■ WHAT IS EXPECTED:
Could you return the data below exactly as it appears?

————

lemma exceedance_subset_peeling_events:
  assumes "0 < \<delta>" "\<delta> \<le> 4"
  shows "{\<omega> \<in> space M. \<exists>n\<ge>1. eps_seq M X \<delta> n \<le> S_sum M X n \<omega> / real n}
    \<subseteq> (\<Union>k. peeling_event M X \<delta> k)"
proof
  fix \<omega> assume "\<omega> \<in> {\<omega> \<in> space M. \<exists>n\<ge>1. eps_seq M X \<delta> n \<le> S_sum M X n \<omega> / real n}"
  then obtain n where \<omega>: "\<omega> \<in> space M" and n: "1 \<le> n"
    and exceeds: "eps_seq M X \<delta> n \<le> S_sum M X n \<omega> / real n"
    by auto
  obtain k where k: "2 ^ k \<le> n" "n < 2 ^ (k + 1)"
    using ex_power_ivl1[of 2 n] n by auto
  have "bernstein_threshold (u_seq \<delta> (2 ^ k)) (v_sum M X (2 * 2 ^ k)) = real (2 ^ k) * eps_seq M X \<delta> (2 ^ k)"
    using of_nat_mult_eps_seq[of "2 ^ k" M X \<delta>] by simp
  also have "\<dots> \<le> real n * eps_seq M X \<delta> n"
    using assms k by (intro of_nat_mult_eps_seq_mono) auto
  also have "\<dots> \<le> S_sum M X n \<omega>"
    using n exceeds by (simp add: field_simps)
  finally have "\<omega> \<in> peeling_event M X \<delta> k"
    using \<omega> n k unfolding peeling_event_def by auto
  then show "\<omega> \<in> (\<Union>k. peeling_event M X \<delta> k)"
    by blast
qed

lemma peeling_event_sets:
  assumes "\<And>i. 1 \<le> i \<Longrightarrow> X i \<in> borel_measurable M"
  shows "peeling_event M X \<delta> k \<in> sets M"
proof -
  have [measurable]: "(\<lambda>\<omega>. S_sum M X m \<omega>) \<in> borel_measurable M" for m
    unfolding S_sum_def using assms by (intro borel_measurable_sum borel_measurable_diff) auto
  show ?thesis
    unfolding peeling_event_def by (intro sets.sets_Collect_finite_Ex finite_atLeastAtMost) measurable
qed

lemma (in prob_space) emeasure_peeling_event_le:
  assumes indep: "indep_vars (\<lambda>_. borel) X {1..}"
    and bounded: "\<And>i. 1 \<le> i \<Longrightarrow> AE \<omega> in M. \<bar>X i \<omega> - expectation (X i)\<bar> \<le> 1"
    and "0 < \<delta>" "\<delta> \<le> 4"
  shows "emeasure M (peeling_event M X \<delta> k) \<le> \<delta> / 4 * (1 / (real k + 1)\<^sup>2)"
proof -
  have "emeasure M (peeling_event M X \<delta> k) \<le> exp (- u_seq \<delta> (2 ^ k))"
    unfolding peeling_event_def S_sum_def v_sum_def using assms(3,4)
    by (intro bernstein_maximal_inequality indep_vars_subset[OF indep] bounded u_seq_nonneg) auto
  also have "exp (- u_seq \<delta> (2 ^ k)) = \<delta> / 4 * (1 / (real k + 1)\<^sup>2)"
    using assms(3) by (simp add: exp_neg_u_seq)
  finally show ?thesis .
qed

lemma suminf_inverse_squares_le:
  fixes c :: real
  assumes "0 \<le> c"
  shows "(\<Sum>k. ennreal (c * (1 / (real k + 1)\<^sup>2))) \<le> ennreal (2 * c)"
proof -
  have "(\<lambda>k. c * (1 / (real k + 1)\<^sup>2)) sums (c * (pi\<^sup>2 / 6))"
    using sums_mult[OF inverse_squares_sums, of c] by (simp add: add.commute)
  then have "(\<Sum>k. ennreal (c * (1 / (real k + 1)\<^sup>2))) = c * (pi\<^sup>2 / 6)"
    using assms by (intro suminf_ennreal_eq) auto
  also have "\<dots> \<le> ennreal (2 * c)"
  proof (intro ennreal_leI)
    have "pi * pi \<le> 16 / 5 * (16 / 5)"
      using pi_approx(2) by (intro mult_mono) auto
    then have "c * (pi\<^sup>2 / 6) \<le> c * 2"
      using assms by (intro mult_left_mono) (auto simp: power2_eq_square)
    then show "c * (pi\<^sup>2 / 6) \<le> 2 * c"
      by linarith
  qed
  finally show ?thesis .
qed

theorem lemma5:
  fixes M :: "'a measure" and X :: "nat \<Rightarrow> 'a \<Rightarrow> real" and \<delta> :: real
  assumes "prob_space M"
    and "0 < \<delta>" and "\<delta> < 1"
    and "prob_space.indep_vars M (\<lambda>_. borel) X {1..}"
    and "\<And>i. i \<ge> 1 \<Longrightarrow> (AE \<omega> in M. 0 \<le> X i \<omega> \<and> X i \<omega> \<le> 1)"
  shows "measure M {\<omega> \<in> space M. \<exists>n\<ge>1. S_sum M X n \<omega> / real n \<ge> eps_seq M X \<delta> n} \<le> \<delta> / 2"
proof -
  interpret prob_space M by fact
  have X_meas: "X i \<in> borel_measurable M" if "1 \<le> i" for i
    using assms(4) that by (auto simp: indep_vars_def)
  have bounded: "AE \<omega> in M. \<bar>X i \<omega> - expectation (X i)\<bar> \<le> 1" if "1 \<le> i" for i
    using AE_abs_diff_expectation_le[OF X_meas assms(5)] that by simp
  have peeling_sets: "peeling_event M X \<delta> k \<in> events" for k
    using X_meas by (rule peeling_event_sets)
  have "emeasure M {\<omega> \<in> space M. \<exists>n\<ge>1. eps_seq M X \<delta> n \<le> S_sum M X n \<omega> / real n}
      \<le> emeasure M (\<Union>k. peeling_event M X \<delta> k)"
    using exceedance_subset_peeling_events[of \<delta> M X] assms(2,3) peeling_sets
    by (intro emeasure_mono) auto
  also have "\<dots> \<le> (\<Sum>k. emeasure M (peeling_event M X \<delta> k))"
    using peeling_sets by (intro emeasure_subadditive_countably) auto
  also have "\<dots> \<le> (\<Sum>k. ennreal (\<delta> / 4 * (1 / (real k + 1)\<^sup>2)))"
    using assms(2,3) by (intro suminf_le emeasure_peeling_event_le assms(4) bounded) auto
  also have "\<dots> \<le> ennreal (2 * (\<delta> / 4))"
    using assms(2) by (intro suminf_inverse_squares_le) simp
  finally show ?thesis
    using assms(2) by (simp add: emeasure_eq_measure)
qed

————

■ ANSWER SPACE:
lemma exceedance_subset_peeling_events:
  assumes "0 < \<delta>" "\<delta> \<le> 4"
  shows "{\<omega> \<in> space M. \<exists>n\<ge>1. eps_seq M X \<delta> n \<le> S_sum M X n \<omega> / real n}
    \<subseteq> (\<Union>k. peeling_event M X \<delta> k)"
proof
  fix \<omega> assume "\<omega> \<in> {\<omega> \<in> space M. \<exists>n\<ge>1. eps_seq M X \<delta> n \<le> S_sum M X n \<omega> / real n}"
  then obtain n where \<omega>: "\<omega> \<in> space M" and n: "1 \<le> n"
    and exceeds: "eps_seq M X \<delta> n \<le> S_sum M X n \<omega> / real n"
    by auto
  obtain k where k: "2 ^ k \<le> n" "n < 2 ^ (k + 1)"
    using ex_power_ivl1[of 2 n] n by auto
  have "bernstein_threshold (u_seq \<delta> (2 ^ k)) (v_sum M X (2 * 2 ^ k)) = real (2 ^ k) * eps_seq M X \<delta> (2 ^ k)"
    using of_nat_mult_eps_seq[of "2 ^ k" M X \<delta>] by simp
  also have "\<dots> \<le> real n * eps_seq M X \<delta> n"
    using assms k by (intro of_nat_mult_eps_seq_mono) auto
  also have "\<dots> \<le> S_sum M X n \<omega>"
    using n exceeds by (simp add: field_simps)
  finally have "\<omega> \<in> peeling_event M X \<delta> k"
    using \<omega> n k unfolding peeling_event_def by auto
  then show "\<omega> \<in> (\<Union>k. peeling_event M X \<delta> k)"
    by blast
qed

lemma peeling_event_sets:
  assumes "\<And>i. 1 \<le> i \<Longrightarrow> X i \<in> borel_measurable M"
  shows "peeling_event M X \<delta> k \<in> sets M"
proof -
  have [measurable]: "(\<lambda>\<omega>. S_sum M X m \<omega>) \<in> borel_measurable M" for m
    unfolding S_sum_def using assms by (intro borel_measurable_sum borel_measurable_diff) auto
  show ?thesis
    unfolding peeling_event_def by (intro sets.sets_Collect_finite_Ex finite_atLeastAtMost) measurable
qed

lemma (in prob_space) emeasure_peeling_event_le:
  assumes indep: "indep_vars (\<lambda>_. borel) X {1..}"
    and bounded: "\<And>i. 1 \<le> i \<Longrightarrow> AE \<omega> in M. \<bar>X i \<omega> - expectation (X i)\<bar> \<le> 1"
    and "0 < \<delta>" "\<delta> \<le> 4"
  shows "emeasure M (peeling_event M X \<delta> k) \<le> \<delta> / 4 * (1 / (real k + 1)\<^sup>2)"
proof -
  have "emeasure M (peeling_event M X \<delta> k) \<le> exp (- u_seq \<delta> (2 ^ k))"
    unfolding peeling_event_def S_sum_def v_sum_def using assms(3,4)
    by (intro bernstein_maximal_inequality indep_vars_subset[OF indep] bounded u_seq_nonneg) auto
  also have "exp (- u_seq \<delta> (2 ^ k)) = \<delta> / 4 * (1 / (real k + 1)\<^sup>2)"
    using assms(3) by (simp add: exp_neg_u_seq)
  finally show ?thesis .
qed

lemma suminf_inverse_squares_le:
  fixes c :: real
  assumes "0 \<le> c"
  shows "(\<Sum>k. ennreal (c * (1 / (real k + 1)\<^sup>2))) \<le> ennreal (2 * c)"
proof -
  have "(\<lambda>k. c * (1 / (real k + 1)\<^sup>2)) sums (c * (pi\<^sup>2 / 6))"
    using sums_mult[OF inverse_squares_sums, of c] by (simp add: add.commute)
  then have "(\<Sum>k. ennreal (c * (1 / (real k + 1)\<^sup>2))) = c * (pi\<^sup>2 / 6)"
    using assms by (intro suminf_ennreal_eq) auto
  also have "\<dots> \<le> ennreal (2 * c)"
  proof (intro ennreal_leI)
    have "pi * pi \<le> 16 / 5 * (16 / 5)"
      using pi_approx(2) by (intro mult_mono) auto
    then have "c * (pi\<^sup>2 / 6) \<le> c * 2"
      using assms by (intro mult_left_mono) (auto simp: power2_eq_square)
    then show "c * (pi\<^sup>2 / 6) \<le> 2 * c"
      by linarith
  qed
  finally show ?thesis .
qed

theorem lemma5:
  fixes M :: "'a measure" and X :: "nat \<Rightarrow> 'a \<Rightarrow> real" and \<delta> :: real
  assumes "prob_space M"
    and "0 < \<delta>" and "\<delta> < 1"
    and "prob_space.indep_vars M (\<lambda>_. borel) X {1..}"
    and "\<And>i. i \<ge> 1 \<Longrightarrow> (AE \<omega> in M. 0 \<le> X i \<omega> \<and> X i \<omega> \<le> 1)"
  shows "measure M {\<omega> \<in> space M. \<exists>n\<ge>1. S_sum M X n \<omega> / real n \<ge> eps_seq M X \<delta> n} \<le> \<delta> / 2"
proof -
  interpret prob_space M by fact
  have X_meas: "X i \<in> borel_measurable M" if "1 \<le> i" for i
    using assms(4) that by (auto simp: indep_vars_def)
  have bounded: "AE \<omega> in M. \<bar>X i \<omega> - expectation (X i)\<bar> \<le> 1" if "1 \<le> i" for i
    using AE_abs_diff_expectation_le[OF X_meas assms(5)] that by simp
  have peeling_sets: "peeling_event M X \<delta> k \<in> events" for k
    using X_meas by (rule peeling_event_sets)
  have "emeasure M {\<omega> \<in> space M. \<exists>n\<ge>1. eps_seq M X \<delta> n \<le> S_sum M X n \<omega> / real n}
      \<le> emeasure M (\<Union>k. peeling_event M X \<delta> k)"
    using exceedance_subset_peeling_events[of \<delta> M X] assms(2,3) peeling_sets
    by (intro emeasure_mono) auto
  also have "\<dots> \<le> (\<Sum>k. emeasure M (peeling_event M X \<delta> k))"
    using peeling_sets by (intro emeasure_subadditive_countably) auto
  also have "\<dots> \<le> (\<Sum>k. ennreal (\<delta> / 4 * (1 / (real k + 1)\<^sup>2)))"
    using assms(2,3) by (intro suminf_le emeasure_peeling_event_le assms(4) bounded) auto
  also have "\<dots> \<le> ennreal (2 * (\<delta> / 4))"
    using assms(2) by (intro suminf_inverse_squares_le) simp
  finally show ?thesis
    using assms(2) by (simp add: emeasure_eq_measure)
qed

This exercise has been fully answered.